I’ve always been interested in creative writing and found this project to be a perfect moment for me to analyze the structure of storytelling using data visualization. Every story is made of different characters and each of these characters come into defining the journey of the protagonist. Inevitably some characters will have a heavier influence on the overall flow of the story in comparison to some of the other characters, but I was wondering if I could demonstrate their connections and their level of influence on the story using network visualization.
I will be analyzing the degree of connectivity between the characters and their potential influence in introducing different communities of characters together. By creating this network visualization, I am hoping that you could identify important characters and their respective roles by having a glimpse at the graph.
I would say the “Marvel social Network” visualization by Yuan Ma had a significant influence on the ways in which my network analysis project has developed. By looking at the Marvel social network visualizations, I realized that one of the strongest features of using network visualization could be the ability for the user to understand the connection between characters and how they have facilitated building other characters within the Marvel universe. This made me look for more story driven data to structure my own research around.
I started by looking for more creative story lines that have not been analyzed as much as other stories but unfortunately the only data I could find was in Excel format and my Excel could not export the files as .csv without including (BOM) which would ultimately result in Gephi not being able to read the .csv file.
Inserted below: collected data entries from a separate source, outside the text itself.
(* Let $(H_1,+_1,\circ_1)$ and $(H_2,+_2,\circ_2)$ be commutative multiplicative hyperrings with identity. Let $P_1$ be a weakly sdf-absorbing strong $\mathcal{C}$-hyperideal of $H_1$ that is not an sdf-absorbing hyperideal, and let $P_2$ be a weakly sdf-absorbing strong $\mathcal{C}$-hyperideal of $H_2$ that is not an sdf-absorbing hyperideal. Then the following are equivalent: (i) $P_1\times P_2$ is a weakly sdf-absorbing hyperideal of $H_1\times H_2$ but is not an sdf-absorbing hyperideal; (ii) $P_1\times P_2$ is a weakly sdf-absorbing hyperideal of $H_1\times H_2$; (iii) if $x^2-y^2\subseteq P_1$ for $x,y\in H_1$, then $0\in x^2-y^2$, and if $u^2-v^2\subseteq P_2$ for $u,v\in H_2$, then $0\in u^2-v^2$; (iv) if $a^2-b^2\subseteq P_1\times P_2$ for $(0,0)\neq a,b\in H_1\times H_2$, then $(0,0)\in a^2-b^2$.
   Context: A commutative multiplicative hyperring $(H,+,\circ)$ consists of an abelian group $(H,+)$ and an associative, commutative hyperoperation $\circ: H\times H\to P^*(H)$ with $x\circ(y+z)\subseteq x\circ y+x\circ z$ and $x\circ(-y)=-(x\circ y)=(-x)\circ y$. For subsets $A,B$, $A\circ B=\bigcup_{a\in A,b\in B}a\circ b$, $A\pm B=\{a\pm b\}$; $x^2=x\circ x$. Identity: $x\in x\circ 1$ for all $x$. $H_1\times H_2$ is the hyperring with $(x_1,x_2)+(y_1,y_2)=(x_1+_1y_1,x_2+_2y_2)$ and $(x_1,x_2)\circ(y_1,y_2)=\{(a,b): a\in x_1\circ_1y_1, b\in x_2\circ_2y_2\}$. A hyperideal is a nonempty $P$ with $x-y\in P$ and $r\circ x\subseteq P$ for $x,y\in P$, $r\in H$. Let $\mathcal{C}=\{c_1\circ\cdots\circ c_n: c_i\in H\}$ and $\mathfrak{C}=\{\sum_{i=1}^m C_i: C_i\in\mathcal{C}\}$; $P$ is a strong $\mathcal{C}$-hyperideal if for every $D\in\mathfrak{C}$, $D\cap P\neq\varnothing$ implies $D\subseteq P$. A proper hyperideal $P$ is sdf-absorbing if whenever $x,y$ are nonzero and $x^2-y^2\subseteq P$, then $x-y\in P$ or $x+y\in P$; it is weakly sdf-absorbing if whenever $x,y$ are nonzero and $0\notin x^2-y^2\subseteq P$, then $x-y\in P$ or $x+y\in P$. *)

theory Defs
  imports Main "HOL-Library.Product_Plus"
begin

text \<open>A commutative multiplicative hyperring: the additive group is the ambient
type (class ab_group_add); the hyperoperation is a parameter
m :: 'a => 'a => 'a set.\<close>

definition hsetmult :: "('a \<Rightarrow> 'a \<Rightarrow> 'a set) \<Rightarrow> 'a set \<Rightarrow> 'a set \<Rightarrow> 'a set" where
  "hsetmult m A B = (\<Union>a\<in>A. \<Union>b\<in>B. m a b)"

definition setplus :: "'a::plus set \<Rightarrow> 'a set \<Rightarrow> 'a set" where
  "setplus A B = {a + b | a b. a \<in> A \<and> b \<in> B}"

definition setminus :: "'a::minus set \<Rightarrow> 'a set \<Rightarrow> 'a set" where
  "setminus A B = {a - b | a b. a \<in> A \<and> b \<in> B}"

definition hsq :: "('a \<Rightarrow> 'a \<Rightarrow> 'a set) \<Rightarrow> 'a \<Rightarrow> 'a set" where
  "hsq m x = m x x"

definition comm_mult_hyperring :: "('a::ab_group_add \<Rightarrow> 'a \<Rightarrow> 'a set) \<Rightarrow> bool" where
  "comm_mult_hyperring m \<longleftrightarrow>
     (\<forall>x y. m x y \<noteq> {}) \<and>
     (\<forall>x y z. hsetmult m (m x y) {z} = hsetmult m {x} (m y z)) \<and>
     (\<forall>x y. m x y = m y x) \<and>
     (\<forall>x y z. m x (y + z) \<subseteq> setplus (m x y) (m x z)) \<and>
     (\<forall>x y. m x (- y) = uminus ` (m x y) \<and> m (- x) y = uminus ` (m x y))"

definition has_identity :: "('a \<Rightarrow> 'a \<Rightarrow> 'a set) \<Rightarrow> bool" where
  "has_identity m \<longleftrightarrow> (\<exists>e. \<forall>x. x \<in> m x e)"

definition prod_hmult :: "('a \<Rightarrow> 'a \<Rightarrow> 'a set) \<Rightarrow> ('b \<Rightarrow> 'b \<Rightarrow> 'b set)
    \<Rightarrow> ('a \<times> 'b) \<Rightarrow> ('a \<times> 'b) \<Rightarrow> ('a \<times> 'b) set" where
  "prod_hmult m1 m2 x y = m1 (fst x) (fst y) \<times> m2 (snd x) (snd y)"

definition hyperideal :: "('a::ab_group_add \<Rightarrow> 'a \<Rightarrow> 'a set) \<Rightarrow> 'a set \<Rightarrow> bool" where
  "hyperideal m P \<longleftrightarrow> P \<noteq> {} \<and> (\<forall>x\<in>P. \<forall>y\<in>P. x - y \<in> P) \<and>
     (\<forall>r. \<forall>x\<in>P. m r x \<subseteq> P)"

fun hlprod :: "('a \<Rightarrow> 'a \<Rightarrow> 'a set) \<Rightarrow> 'a list \<Rightarrow> 'a set" where
  "hlprod m [] = {}"
| "hlprod m [c] = {c}"
| "hlprod m (c # cs) = hsetmult m {c} (hlprod m cs)"

fun lsetsum :: "'a::plus set list \<Rightarrow> 'a set" where
  "lsetsum [] = {}"
| "lsetsum [A] = A"
| "lsetsum (A # As) = setplus A (lsetsum As)"

definition classC :: "('a \<Rightarrow> 'a \<Rightarrow> 'a set) \<Rightarrow> 'a set set" where
  "classC m = {hlprod m cs | cs. cs \<noteq> []}"

definition classFrakC :: "('a::plus \<Rightarrow> 'a \<Rightarrow> 'a set) \<Rightarrow> 'a set set" where
  "classFrakC m = {lsetsum Cs | Cs. Cs \<noteq> [] \<and> set Cs \<subseteq> classC m}"

definition strong_C_hyperideal :: "('a::ab_group_add \<Rightarrow> 'a \<Rightarrow> 'a set) \<Rightarrow> 'a set \<Rightarrow> bool" where
  "strong_C_hyperideal m P \<longleftrightarrow> hyperideal m P \<and>
     (\<forall>D\<in>classFrakC m. D \<inter> P \<noteq> {} \<longrightarrow> D \<subseteq> P)"

definition sdf_absorbing :: "('a::ab_group_add \<Rightarrow> 'a \<Rightarrow> 'a set) \<Rightarrow> 'a set \<Rightarrow> bool" where
  "sdf_absorbing m P \<longleftrightarrow> hyperideal m P \<and> P \<noteq> UNIV \<and>
     (\<forall>x y. x \<noteq> 0 \<longrightarrow> y \<noteq> 0 \<longrightarrow> setminus (hsq m x) (hsq m y) \<subseteq> P \<longrightarrow>
        x - y \<in> P \<or> x + y \<in> P)"

definition weakly_sdf_absorbing :: "('a::ab_group_add \<Rightarrow> 'a \<Rightarrow> 'a set) \<Rightarrow> 'a set \<Rightarrow> bool" where
  "weakly_sdf_absorbing m P \<longleftrightarrow> hyperideal m P \<and> P \<noteq> UNIV \<and>
     (\<forall>x y. x \<noteq> 0 \<longrightarrow> y \<noteq> 0 \<longrightarrow> 0 \<notin> setminus (hsq m x) (hsq m y) \<longrightarrow>
        setminus (hsq m x) (hsq m y) \<subseteq> P \<longrightarrow> x - y \<in> P \<or> x + y \<in> P)"

end

theory Submission
  imports Defs
begin

text \<open>Square differences in \<open>H\<^sub>1 \<times> H\<^sub>2\<close> are computed coordinatewise, and both
  coordinates are nonempty sets, so \<open>a\<^sup>2 - b\<^sup>2 \<subseteq> P\<^sub>1 \<times> P\<^sub>2\<close> splits into one condition per
  factor. A non-sdf-absorbing \<open>P\<^sub>1\<close> has a counterexample \<open>(x\<^sub>1, y\<^sub>1)\<close>; paired with \<open>(0, 0)\<close>
  it shows that \<open>P\<^sub>1 \<times> P\<^sub>2\<close> is never sdf-absorbing. Pairing any \<open>(x, y)\<close> of \<open>H\<^sub>1\<close> with a
  counterexample of \<open>P\<^sub>2\<close> gives nonzero elements whose sum and difference lie outside
  \<open>P\<^sub>1 \<times> P\<^sub>2\<close>, so weak sdf-absorption of \<open>P\<^sub>1 \<times> P\<^sub>2\<close> forces \<open>0 \<in> x\<^sup>2 - y\<^sup>2\<close> whenever
  \<open>x\<^sup>2 - y\<^sup>2 \<subseteq> P\<^sub>1\<close>: this is (ii) \<open>\<Longrightarrow>\<close> (iii). Then (iii) \<open>\<Longrightarrow>\<close> (iv) is the coordinatewise
  splitting, and (iv) makes weak sdf-absorption vacuous.\<close>

abbreviation hsqdiff :: "('a::minus \<Rightarrow> 'a \<Rightarrow> 'a set) \<Rightarrow> 'a \<Rightarrow> 'a \<Rightarrow> 'a set" where
  "hsqdiff m x y \<equiv> setminus (hsq m x) (hsq m y)"

definition sdf_counterexample :: "('a::ab_group_add \<Rightarrow> 'a \<Rightarrow> 'a set) \<Rightarrow> 'a set \<Rightarrow> 'a \<Rightarrow> 'a \<Rightarrow> bool"
  where "sdf_counterexample m P x y \<longleftrightarrow>
    x \<noteq> 0 \<and> y \<noteq> 0 \<and> hsqdiff m x y \<subseteq> P \<and> x - y \<notin> P \<and> x + y \<notin> P"

lemma not_sdf_absorbing_iff_counterexample:
  assumes "hyperideal m P" and "P \<noteq> UNIV"
  shows "\<not> sdf_absorbing m P \<longleftrightarrow> (\<exists>x y. sdf_counterexample m P x y)"
  using assms unfolding sdf_absorbing_def sdf_counterexample_def by blast

lemma weakly_sdf_absorbing_counterexample_zero:
  assumes "weakly_sdf_absorbing m P" and "sdf_counterexample m P x y"
  shows "0 \<in> hsqdiff m x y"
  using assms unfolding weakly_sdf_absorbing_def sdf_counterexample_def by blast

lemma weakly_sdf_absorbingI_zero_in_hsqdiff:
  assumes "hyperideal m P" and "P \<noteq> UNIV"
    and "\<And>a b. a \<noteq> 0 \<Longrightarrow> b \<noteq> 0 \<Longrightarrow> hsqdiff m a b \<subseteq> P \<Longrightarrow> 0 \<in> hsqdiff m a b"
  shows "weakly_sdf_absorbing m P"
  using assms unfolding weakly_sdf_absorbing_def by blast

lemma hsqdiff_nonempty:
  assumes "comm_mult_hyperring m"
  shows "hsqdiff m x y \<noteq> {}"
proof -
  have "\<forall>x y. m x y \<noteq> {}"
    using assms unfolding comm_mult_hyperring_def by (rule conjunct1)
  then obtain a b where "a \<in> m x x" "b \<in> m y y" by blast
  then have "a - b \<in> hsqdiff m x y"
    unfolding setminus_def hsq_def by blast
  then show ?thesis by blast
qed

lemma hyperideal_zero: "hyperideal m P \<Longrightarrow> 0 \<in> P"
  unfolding hyperideal_def by (metis all_not_in_conv diff_self)

lemma hyperideal_hsqdiff_zero:
  assumes "hyperideal m P"
  shows "hsqdiff m 0 0 \<subseteq> P"
proof -
  have "hsq m 0 \<subseteq> P"
    using assms hyperideal_zero[OF assms] unfolding hyperideal_def hsq_def by blast
  then show ?thesis
    using assms unfolding hyperideal_def setminus_def by blast
qed

lemma hyperideal_Times:
  assumes "hyperideal m1 P1" and "hyperideal m2 P2"
  shows "hyperideal (prod_hmult m1 m2) (P1 \<times> P2)"
  unfolding hyperideal_def
proof (intro conjI ballI allI)
  show "P1 \<times> P2 \<noteq> {}"
    using hyperideal_zero[OF assms(1)] hyperideal_zero[OF assms(2)] by blast
next
  fix x y assume "x \<in> P1 \<times> P2" "y \<in> P1 \<times> P2"
  then show "x - y \<in> P1 \<times> P2"
    using assms unfolding hyperideal_def by (simp add: mem_Times_iff)
next
  fix r x assume "x \<in> P1 \<times> P2"
  then have "m1 (fst r) (fst x) \<subseteq> P1" "m2 (snd r) (snd x) \<subseteq> P2"
    using assms unfolding hyperideal_def by (auto simp: mem_Times_iff)
  then show "prod_hmult m1 m2 r x \<subseteq> P1 \<times> P2"
    unfolding prod_hmult_def by blast
qed

lemma setminus_Times: "setminus (A \<times> B) (C \<times> D) = setminus A C \<times> setminus B D"
  unfolding setminus_def by force

lemma hsqdiff_prod_hmult:
  "hsqdiff (prod_hmult m1 m2) a b = hsqdiff m1 (fst a) (fst b) \<times> hsqdiff m2 (snd a) (snd b)"
  by (simp add: hsq_def prod_hmult_def setminus_Times)

lemma zero_in_hsqdiff_prod_hmult_iff:
  "0 \<in> hsqdiff (prod_hmult m1 m2) a b \<longleftrightarrow>
     0 \<in> hsqdiff m1 (fst a) (fst b) \<and> 0 \<in> hsqdiff m2 (snd a) (snd b)"
  by (simp add: hsqdiff_prod_hmult mem_Times_iff)

lemma sdf_counterexample_Times1:
  assumes "sdf_counterexample m1 P1 x y" and "hsqdiff m2 u v \<subseteq> P2"
  shows "sdf_counterexample (prod_hmult m1 m2) (P1 \<times> P2) (x, u) (y, v)"
  using assms unfolding sdf_counterexample_def
  by (auto simp: hsqdiff_prod_hmult zero_prod_def)

lemma sdf_counterexample_Times2:
  assumes "hsqdiff m1 x y \<subseteq> P1" and "sdf_counterexample m2 P2 u v"
  shows "sdf_counterexample (prod_hmult m1 m2) (P1 \<times> P2) (x, u) (y, v)"
  using assms unfolding sdf_counterexample_def
  by (auto simp: hsqdiff_prod_hmult zero_prod_def)

lemma weakly_sdf_absorbing_Times_zero_in_hsqdiff1:
  assumes "weakly_sdf_absorbing (prod_hmult m1 m2) (P1 \<times> P2)"
    and "sdf_counterexample m2 P2 u v" and "hsqdiff m1 x y \<subseteq> P1"
  shows "0 \<in> hsqdiff m1 x y"
  using weakly_sdf_absorbing_counterexample_zero[OF assms(1) sdf_counterexample_Times2[OF assms(3,2)]]
  by (simp add: zero_in_hsqdiff_prod_hmult_iff)

lemma weakly_sdf_absorbing_Times_zero_in_hsqdiff2:
  assumes "weakly_sdf_absorbing (prod_hmult m1 m2) (P1 \<times> P2)"
    and "sdf_counterexample m1 P1 x y" and "hsqdiff m2 u v \<subseteq> P2"
  shows "0 \<in> hsqdiff m2 u v"
  using weakly_sdf_absorbing_counterexample_zero[OF assms(1) sdf_counterexample_Times1[OF assms(2,3)]]
  by (simp add: zero_in_hsqdiff_prod_hmult_iff)

lemma zero_in_hsqdiff_prod_hmultI:
  assumes "comm_mult_hyperring m1" and "comm_mult_hyperring m2"
    and "\<forall>x y. hsqdiff m1 x y \<subseteq> P1 \<longrightarrow> 0 \<in> hsqdiff m1 x y"
    and "\<forall>u v. hsqdiff m2 u v \<subseteq> P2 \<longrightarrow> 0 \<in> hsqdiff m2 u v"
    and "hsqdiff (prod_hmult m1 m2) a b \<subseteq> P1 \<times> P2"
  shows "0 \<in> hsqdiff (prod_hmult m1 m2) a b"
  using assms hsqdiff_nonempty[OF assms(1)] hsqdiff_nonempty[OF assms(2)]
  by (simp add: hsqdiff_prod_hmult times_subset_iff zero_prod_def)

theorem mainTheorem19:
  fixes m1 :: "'a::ab_group_add \<Rightarrow> 'a \<Rightarrow> 'a set"
    and m2 :: "'b::ab_group_add \<Rightarrow> 'b \<Rightarrow> 'b set"
    and P1 :: "'a set" and P2 :: "'b set"
  assumes H1: "comm_mult_hyperring m1" "has_identity m1"
    and H2: "comm_mult_hyperring m2" "has_identity m2"
    and P1: "weakly_sdf_absorbing m1 P1" "strong_C_hyperideal m1 P1" "\<not> sdf_absorbing m1 P1"
    and P2: "weakly_sdf_absorbing m2 P2" "strong_C_hyperideal m2 P2" "\<not> sdf_absorbing m2 P2"
  defines "m \<equiv> prod_hmult m1 m2"
  shows "((weakly_sdf_absorbing m (P1 \<times> P2) \<and> \<not> sdf_absorbing m (P1 \<times> P2))
            \<longleftrightarrow> weakly_sdf_absorbing m (P1 \<times> P2))
       \<and> (weakly_sdf_absorbing m (P1 \<times> P2) \<longleftrightarrow>
            ((\<forall>x y. setminus (hsq m1 x) (hsq m1 y) \<subseteq> P1 \<longrightarrow> 0 \<in> setminus (hsq m1 x) (hsq m1 y)) \<and>
             (\<forall>u v. setminus (hsq m2 u) (hsq m2 v) \<subseteq> P2 \<longrightarrow> 0 \<in> setminus (hsq m2 u) (hsq m2 v))))
       \<and> (((\<forall>x y. setminus (hsq m1 x) (hsq m1 y) \<subseteq> P1 \<longrightarrow> 0 \<in> setminus (hsq m1 x) (hsq m1 y)) \<and>
             (\<forall>u v. setminus (hsq m2 u) (hsq m2 v) \<subseteq> P2 \<longrightarrow> 0 \<in> setminus (hsq m2 u) (hsq m2 v)))
            \<longleftrightarrow> (\<forall>a b. a \<noteq> 0 \<longrightarrow> b \<noteq> 0 \<longrightarrow> setminus (hsq m a) (hsq m b) \<subseteq> P1 \<times> P2
                   \<longrightarrow> 0 \<in> setminus (hsq m a) (hsq m b)))"
proof -
  let ?W = "weakly_sdf_absorbing m (P1 \<times> P2)"
  let ?C1 = "\<forall>x y. hsqdiff m1 x y \<subseteq> P1 \<longrightarrow> 0 \<in> hsqdiff m1 x y"
  let ?C2 = "\<forall>u v. hsqdiff m2 u v \<subseteq> P2 \<longrightarrow> 0 \<in> hsqdiff m2 u v"
  let ?C4 = "\<forall>a b. a \<noteq> 0 \<longrightarrow> b \<noteq> 0 \<longrightarrow> hsqdiff m a b \<subseteq> P1 \<times> P2 \<longrightarrow> 0 \<in> hsqdiff m a b"
  have I1: "hyperideal m1 P1" "P1 \<noteq> UNIV" and I2: "hyperideal m2 P2" "P2 \<noteq> UNIV"
    using P1(1) P2(1) unfolding weakly_sdf_absorbing_def by auto
  have I: "hyperideal m (P1 \<times> P2)" "P1 \<times> P2 \<noteq> UNIV"
    using hyperideal_Times[OF I1(1) I2(1)] I1(2) unfolding m_def by auto
  obtain x1 y1 where c1: "sdf_counterexample m1 P1 x1 y1"
    using P1(3) not_sdf_absorbing_iff_counterexample[OF I1] by blast
  obtain x2 y2 where c2: "sdf_counterexample m2 P2 x2 y2"
    using P2(3) not_sdf_absorbing_iff_counterexample[OF I2] by blast
  have not_sdf: "\<not> sdf_absorbing m (P1 \<times> P2)"
    using not_sdf_absorbing_iff_counterexample[OF I]
      sdf_counterexample_Times1[OF c1 hyperideal_hsqdiff_zero[OF I2(1)]]
    unfolding m_def by blast
  have ii_iii: "?W \<longrightarrow> ?C1 \<and> ?C2"
    using weakly_sdf_absorbing_Times_zero_in_hsqdiff1[OF _ c2]
      weakly_sdf_absorbing_Times_zero_in_hsqdiff2[OF _ c1]
    unfolding m_def by blast
  have iii_iv: "?C1 \<and> ?C2 \<longrightarrow> ?C4"
    using zero_in_hsqdiff_prod_hmultI[OF H1(1) H2(1)] unfolding m_def by blast
  have iv_ii: "?C4 \<longrightarrow> ?W"
    using weakly_sdf_absorbingI_zero_in_hsqdiff[OF I] by blast
  show ?thesis
    using not_sdf ii_iii iii_iv iv_ii by sat
qed

end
I used Openrefine to try and export the Excel sheets as .csv, but unfortunately that did not work either. After that I tried to use the Marvel comics data set and narrate a new network conclusion but the Gephi software would crash as soon as clicking on “open” due to the data set being way larger than my Laptops processer could handle. I proceeded to open about 8 more data sets from the CASOS or Gephi website but none of those were opening considering that some had formatting issues, and some were too large, similar to the Marvel comics data.
I finally surrendered to the will of technology and chose the only single piece of data I could find that would both open without any issues and my computer could manage to process which was the “Le Misérables” data on weighted coappearance of characters.
I then proceeded to design my network visualization on Gephi and used InDesign to create additional visualizations for my report.
I started by loading my data sets into Gephi. After that, I ran the Force Atlas and Force Atlas 2 to see which one would work best and I quickly realized that Force Atlas was a better choice for my data set. After that, I ran some statistics such as modularity, Average weighted degree, Average Degree, and Avg. Clustering coefficient. From there I went on to set the size of each node to represent the degree, and the color combinations to represent the betweenness centrality.
After having followed those steps, I realized that I myself cannot get a proper grasp of the network in its current state, so I started editing the location of nodes in relation to their community and in relation with central characters.
By using the degree range filter, I tried to group individuals that seemed to know each other, individuals that connect different communities together, and the 3 main characters in a visually cohesive manner to better communicate their role in the progression of the story.
I also grouped individuals that seem to be minor characters to be positioned outside their respected communities to prevent unnecessary clusters and overlaps and facilitate finding their connection to the story.
After I was done with the fundamentals of my network visualization, I clicked to check the preview, which was not working. I spent couple days uninstalling and installing my Gephi and trying every single possible way to fix this. I finally found a solution on GitHub suggesting that I should click on “preview” in the software menu rather than the button on the interface which surprisingly fixed the issue.
After I fixed the preview page, I modified the presets to “Text outline”, enabled “show labels” and refreshed the preview to have the final outcome.
I then exported my network visualization and continued to preview the graph but this time only allowing degree as color ranking to be enabled, in order to generate a graph solely portraying the degree of connectivity between characters.
I started by not wanting to follow a simple data set and tried my best to create a more attractive story and research something that had more personal significance to me but the complications that did rise, from not having a stronger laptop to not being able to export excel files as .csv without BOM, did not allow for that to happen. I also tried importing the nodes and Edges separately by importing the Nodes first and then importing the Edges but that did not work either.
I think my final outcome for this network visualization is cohesive, Fine-tuned, and visually pleasant. However, for future experiments, I will try to find better tools to help me deal with the excel files and their transformation into .csv and potentially use a computer that has better processing capabilities than my own laptop.
During this exploration I learned many things and grew as an individual who is involved with technology.